(* Let $X$ be a permutation group on a set $U$ and $Y$ a permutation group on a set $W$, and let $G=X\times Y$ act on $U\times W$ in product action. Let $\Gamma$ be a $G$-arc-transitive digraph with vertex set $U\times W$. Then $\Gamma\cong\Gamma_1\times\Gamma_2$ for some $X$-arc-transitive digraph $\Gamma_1$ and some $Y$-arc-transitive digraph $\Gamma_2$.
   Context: A digraph is a pair $(V,A)$ with $A\subseteq V\times V$. For a group $H$ acting on the vertex set of a digraph $\Delta$ by automorphisms, $\Delta$ is $H$-arc-transitive if $H$ is transitive on the arc set of $\Delta$. Product action: $(x,y)\in X\times Y$ sends $(u,w)$ to $(u^x,w^y)$. The tensor product $\Gamma_1\times\Gamma_2$ of $\Gamma_1=(V_1,A_1)$ and $\Gamma_2=(V_2,A_2)$ has vertex set $V_1\times V_2$, with $(u_1,u_2)$ pointing to $(v_1,v_2)$ iff $(u_1,v_1)\in A_1$ and $(u_2,v_2)\in A_2$. *)

theory Defs
  imports "HOL-Algebra.Bij"
begin

type_synonym 'a digraph = "'a set \<times> ('a \<times> 'a) set"

definition is_digraph :: "'a digraph \<Rightarrow> bool" where
  "is_digraph D \<longleftrightarrow> snd D \<subseteq> fst D \<times> fst D"

definition perm_group :: "'a set \<Rightarrow> ('a \<Rightarrow> 'a) set \<Rightarrow> bool" where
  "perm_group U X \<longleftrightarrow> subgroup X (BijGroup U)"

definition arc_transitive :: "('a \<Rightarrow> 'a) set \<Rightarrow> 'a digraph \<Rightarrow> bool" where
  "arc_transitive H D \<longleftrightarrow>
     (\<forall>h\<in>H. bij_betw h (fst D) (fst D) \<and>
        (\<forall>u\<in>fst D. \<forall>v\<in>fst D. (u, v) \<in> snd D \<longleftrightarrow> (h u, h v) \<in> snd D)) \<and>
     (\<forall>a\<in>snd D. \<forall>b\<in>snd D. \<exists>h\<in>H. (h (fst a), h (snd a)) = b)"

definition prod_action :: "('u \<Rightarrow> 'u) set \<Rightarrow> ('w \<Rightarrow> 'w) set \<Rightarrow> ('u \<times> 'w \<Rightarrow> 'u \<times> 'w) set" where
  "prod_action X Y = {(\<lambda>(u, w). (x u, y w)) | x y. x \<in> X \<and> y \<in> Y}"

definition tensor :: "'u digraph \<Rightarrow> 'w digraph \<Rightarrow> ('u \<times> 'w) digraph" where
  "tensor D1 D2 = (fst D1 \<times> fst D2,
     {((u1, u2), (v1, v2)) | u1 u2 v1 v2. (u1, v1) \<in> snd D1 \<and> (u2, v2) \<in> snd D2})"

definition digraph_iso :: "'a digraph \<Rightarrow> 'b digraph \<Rightarrow> bool" where
  "digraph_iso D1 D2 \<longleftrightarrow> (\<exists>f. bij_betw f (fst D1) (fst D2) \<and>
     (\<forall>u\<in>fst D1. \<forall>v\<in>fst D1. (u, v) \<in> snd D1 \<longleftrightarrow> (f u, f v) \<in> snd D2))"

end

theory Submission
  imports Defs
begin

text \<open>Let \<open>\<Gamma>1\<close> and \<open>\<Gamma>2\<close> be the projections of \<open>\<Gamma>\<close> to the two coordinates. Every
  element of \<open>X \<times> Y\<close> acts on the coordinates separately, so the projections are arc-transitive
  under \<open>X\<close> and \<open>Y\<close>. Since \<open>X\<close> contains the identity, \<open>1 \<times> y\<close> is an automorphism
  of \<open>\<Gamma>\<close>; choosing \<open>y\<close> by arc-transitivity to move the second coordinates of one arc onto
  those of another shows that the arc set of \<open>\<Gamma>\<close> is the full tensor product of the projections.\<close>

lemma perm_group_restrict_id:
  assumes "perm_group U X"
  shows "(\<lambda>x\<in>U. x) \<in> X"
proof -
  have "\<one>\<^bsub>BijGroup U\<^esub> \<in> X"
    using assms unfolding perm_group_def by (rule subgroup.one_closed)
  then show ?thesis by (simp add: BijGroup_def)
qed

lemma perm_group_bij_betw:
  assumes "perm_group U X" and "x \<in> X"
  shows "bij_betw x U U"
proof -
  have "x \<in> carrier (BijGroup U)"
    using assms unfolding perm_group_def by (meson subgroup.mem_carrier)
  then show ?thesis by (simp add: BijGroup_def Bij_def)
qed

lemma prod_action_memI:
  assumes "x \<in> X" and "y \<in> Y"
  shows "(\<lambda>(u, w). (x u, y w)) \<in> prod_action X Y"
  using assms unfolding prod_action_def by blast

lemma prod_action_lifts_fst:
  assumes "perm_group W Y" and "x \<in> X"
  shows "\<exists>h\<in>prod_action X Y. \<forall>z\<in>U \<times> W. fst (h z) = x (fst z)"
proof
  show "(\<lambda>(u, w). (x u, (\<lambda>w\<in>W. w) w)) \<in> prod_action X Y"
    using prod_action_memI[OF assms(2) perm_group_restrict_id[OF assms(1)]] .
qed auto

lemma prod_action_lifts_snd:
  assumes "perm_group U X" and "y \<in> Y"
  shows "\<exists>h\<in>prod_action X Y. \<forall>z\<in>U \<times> W. snd (h z) = y (snd z)"
proof
  show "(\<lambda>(u, w). ((\<lambda>u\<in>U. u) u, y w)) \<in> prod_action X Y"
    using prod_action_memI[OF perm_group_restrict_id[OF assms(1)] assms(2)] .
qed auto

lemma arc_transitive_maps_arcs:
  assumes "is_digraph (V, A)" and "arc_transitive H (V, A)"
    and "h \<in> H" and "(a, b) \<in> A"
  shows "(h a, h b) \<in> A"
  using assms unfolding is_digraph_def arc_transitive_def by fastforce

lemma arc_transitive_image:
  assumes dig: "is_digraph (V, A)" and at: "arc_transitive H (V, A)"
    and maps: "p ` V \<subseteq> V'"
    and bij: "\<forall>k\<in>K. bij_betw k V' V'"
    and lift: "\<forall>k\<in>K. \<exists>h\<in>H. \<forall>z\<in>V. p (h z) = k (p z)"
    and descend: "\<forall>h\<in>H. \<exists>k\<in>K. \<forall>z\<in>V. p (h z) = k (p z)"
  shows "is_digraph (V', map_prod p p ` A) \<and> arc_transitive K (V', map_prod p p ` A)"
proof -
  have arc_V: "a \<in> V" "b \<in> V" if "(a, b) \<in> A" for a b
    using dig that unfolding is_digraph_def by auto
  have "(u, v) \<in> map_prod p p ` A \<longleftrightarrow> (k u, k v) \<in> map_prod p p ` A"
    if k: "k \<in> K" and uv: "u \<in> V'" "v \<in> V'" for k u v
  proof
    obtain h where h: "h \<in> H" "\<And>z. z \<in> V \<Longrightarrow> p (h z) = k (p z)"
      using lift k by blast
    {
      assume "(u, v) \<in> map_prod p p ` A"
      then obtain a b where ab: "(a, b) \<in> A" "u = p a" "v = p b" by auto
      then have "(h a, h b) \<in> A" using arc_transitive_maps_arcs[OF dig at h(1)] by blast
      then show "(k u, k v) \<in> map_prod p p ` A"
        by (rule rev_image_eqI) (simp add: ab h(2) arc_V[OF ab(1)])
    }
    {
      assume "(k u, k v) \<in> map_prod p p ` A"
      then obtain a b where ab: "(a, b) \<in> A" "k u = p a" "k v = p b" by auto
      have h_bij: "bij_betw h V V"
        using at h(1) unfolding arc_transitive_def by simp
      obtain a' b' where a'b': "a' \<in> V" "b' \<in> V" "h a' = a" "h b' = b"
        using arc_V[OF ab(1)] bij_betw_imp_surj_on[OF h_bij] by (metis imageE)
      have "(a', b') \<in> A"
        using at h(1) a'b' ab(1) unfolding arc_transitive_def by auto
      moreover have "p a' = u" "p b' = v"
      proof -
        have "inj_on k V'" using bij k by (simp add: bij_betw_def)
        moreover have "k (p a') = k u" "k (p b') = k v"
          using h(2) a'b' ab by auto
        ultimately show "p a' = u" "p b' = v"
          using maps a'b' uv by (auto dest: inj_onD)
      qed
      ultimately show "(u, v) \<in> map_prod p p ` A"
        by (auto intro!: rev_image_eqI[of "(a', b')"])
    }
  qed
  moreover have "\<exists>k\<in>K. (k (fst e), k (snd e)) = f"
    if e: "e \<in> map_prod p p ` A" and f: "f \<in> map_prod p p ` A" for e f
  proof -
    obtain a b where ab: "(a, b) \<in> A" "e = (p a, p b)"
      using e by auto
    obtain c d where cd: "(c, d) \<in> A" "f = (p c, p d)"
      using f by auto
    obtain h where "h \<in> H" "(h a, h b) = (c, d)"
      using at ab(1) cd(1) unfolding arc_transitive_def by fastforce
    moreover obtain k where "k \<in> K" "\<And>z. z \<in> V \<Longrightarrow> p (h z) = k (p z)"
      using descend \<open>h \<in> H\<close> by blast
    ultimately show ?thesis
      using ab cd arc_V[OF ab(1)] by auto
  qed
  moreover have "is_digraph (V', map_prod p p ` A)"
    using maps arc_V unfolding is_digraph_def by fastforce
  ultimately show ?thesis
    using bij unfolding arc_transitive_def by simp
qed

lemma prod_action_arcs_eq_tensor:
  assumes X: "perm_group U X"
    and dig: "is_digraph (U \<times> W, A)" and at: "arc_transitive (prod_action X Y) (U \<times> W, A)"
  shows "A = snd (tensor (U, map_prod fst fst ` A) (W, map_prod snd snd ` A))"
proof
  show "A \<subseteq> snd (tensor (U, map_prod fst fst ` A) (W, map_prod snd snd ` A))"
    unfolding tensor_def by force
  show "snd (tensor (U, map_prod fst fst ` A) (W, map_prod snd snd ` A)) \<subseteq> A"
  proof
    fix e assume "e \<in> snd (tensor (U, map_prod fst fst ` A) (W, map_prod snd snd ` A))"
    then obtain u1 v1 w1 w2 u2 v2 s t where
      e: "e = ((u1, u2), (v1, v2))"
      and arc1: "((u1, w1), (v1, w2)) \<in> A" and arc2: "((s, u2), (t, v2)) \<in> A"
      unfolding tensor_def by fastforce
    obtain g where "g \<in> prod_action X Y" "(g (u1, w1), g (v1, w2)) = ((s, u2), (t, v2))"
      using at arc1 arc2 unfolding arc_transitive_def by fastforce
    then obtain y where y: "y \<in> Y" "y w1 = u2" "y w2 = v2"
      unfolding prod_action_def by auto
    have "(\<lambda>(u, w). ((\<lambda>x\<in>U. x) u, y w)) \<in> prod_action X Y"
      using prod_action_memI[OF perm_group_restrict_id[OF X] y(1)] .
    from arc_transitive_maps_arcs[OF dig at this arc1]
    show "e \<in> A"
      using e y dig arc1 unfolding is_digraph_def by auto
  qed
qed

theorem lemma2p6:
  fixes U :: "'u set" and W :: "'w set"
    and X :: "('u \<Rightarrow> 'u) set" and Y :: "('w \<Rightarrow> 'w) set"
    and A :: "(('u \<times> 'w) \<times> ('u \<times> 'w)) set"
  assumes "perm_group U X" and "perm_group W Y"
    and "is_digraph (U \<times> W, A)"
    and "arc_transitive (prod_action X Y) (U \<times> W, A)"
  shows "\<exists>\<Gamma>1 \<Gamma>2. is_digraph \<Gamma>1 \<and> fst \<Gamma>1 = U \<and> arc_transitive X \<Gamma>1 \<and>
           is_digraph \<Gamma>2 \<and> fst \<Gamma>2 = W \<and> arc_transitive Y \<Gamma>2 \<and>
           digraph_iso (U \<times> W, A) (tensor \<Gamma>1 \<Gamma>2)"
proof -
  have "is_digraph (U, map_prod fst fst ` A) \<and> arc_transitive X (U, map_prod fst fst ` A)"
  proof (rule arc_transitive_image[OF assms(3,4)])
    show "\<forall>x\<in>X. \<exists>h\<in>prod_action X Y. \<forall>z\<in>U \<times> W. fst (h z) = x (fst z)"
      using prod_action_lifts_fst[OF assms(2)] by blast
  qed (use perm_group_bij_betw[OF assms(1)] in \<open>auto simp: prod_action_def\<close>)
  moreover have "is_digraph (W, map_prod snd snd ` A) \<and> arc_transitive Y (W, map_prod snd snd ` A)"
  proof (rule arc_transitive_image[OF assms(3,4)])
    show "\<forall>y\<in>Y. \<exists>h\<in>prod_action X Y. \<forall>z\<in>U \<times> W. snd (h z) = y (snd z)"
      using prod_action_lifts_snd[OF assms(1)] by blast
  qed (use perm_group_bij_betw[OF assms(2)] in \<open>auto simp: prod_action_def\<close>)
  moreover have "digraph_iso (U \<times> W, A) (tensor (U, map_prod fst fst ` A) (W, map_prod snd snd ` A))"
    using prod_action_arcs_eq_tensor[OF assms(1,3,4)]
    unfolding digraph_iso_def by (intro exI[of _ id]) (simp add: tensor_def)
  ultimately show ?thesis by fastforce
qed

end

=-=-=

## What the exercise asks
Given the records above, restate word for word only the lines starting at the one with "theory Submission" and ending at the one with "under \<open>X\<close> and".

## Task output
theory Submission
  imports Defs
begin

text \<open>Let \<open>\<Gamma>1\<close> and \<open>\<Gamma>2\<close> be the projections of \<open>\<Gamma>\<close> to the two coordinates. Every
  element of \<open>X \<times> Y\<close> acts on the coordinates separately, so the projections are arc-transitive
  under \<open>X\<close> and \<open>Y\<close>. Since \<open>X\<close> contains the identity, \<open>1 \<times> y\<close> is an automorphism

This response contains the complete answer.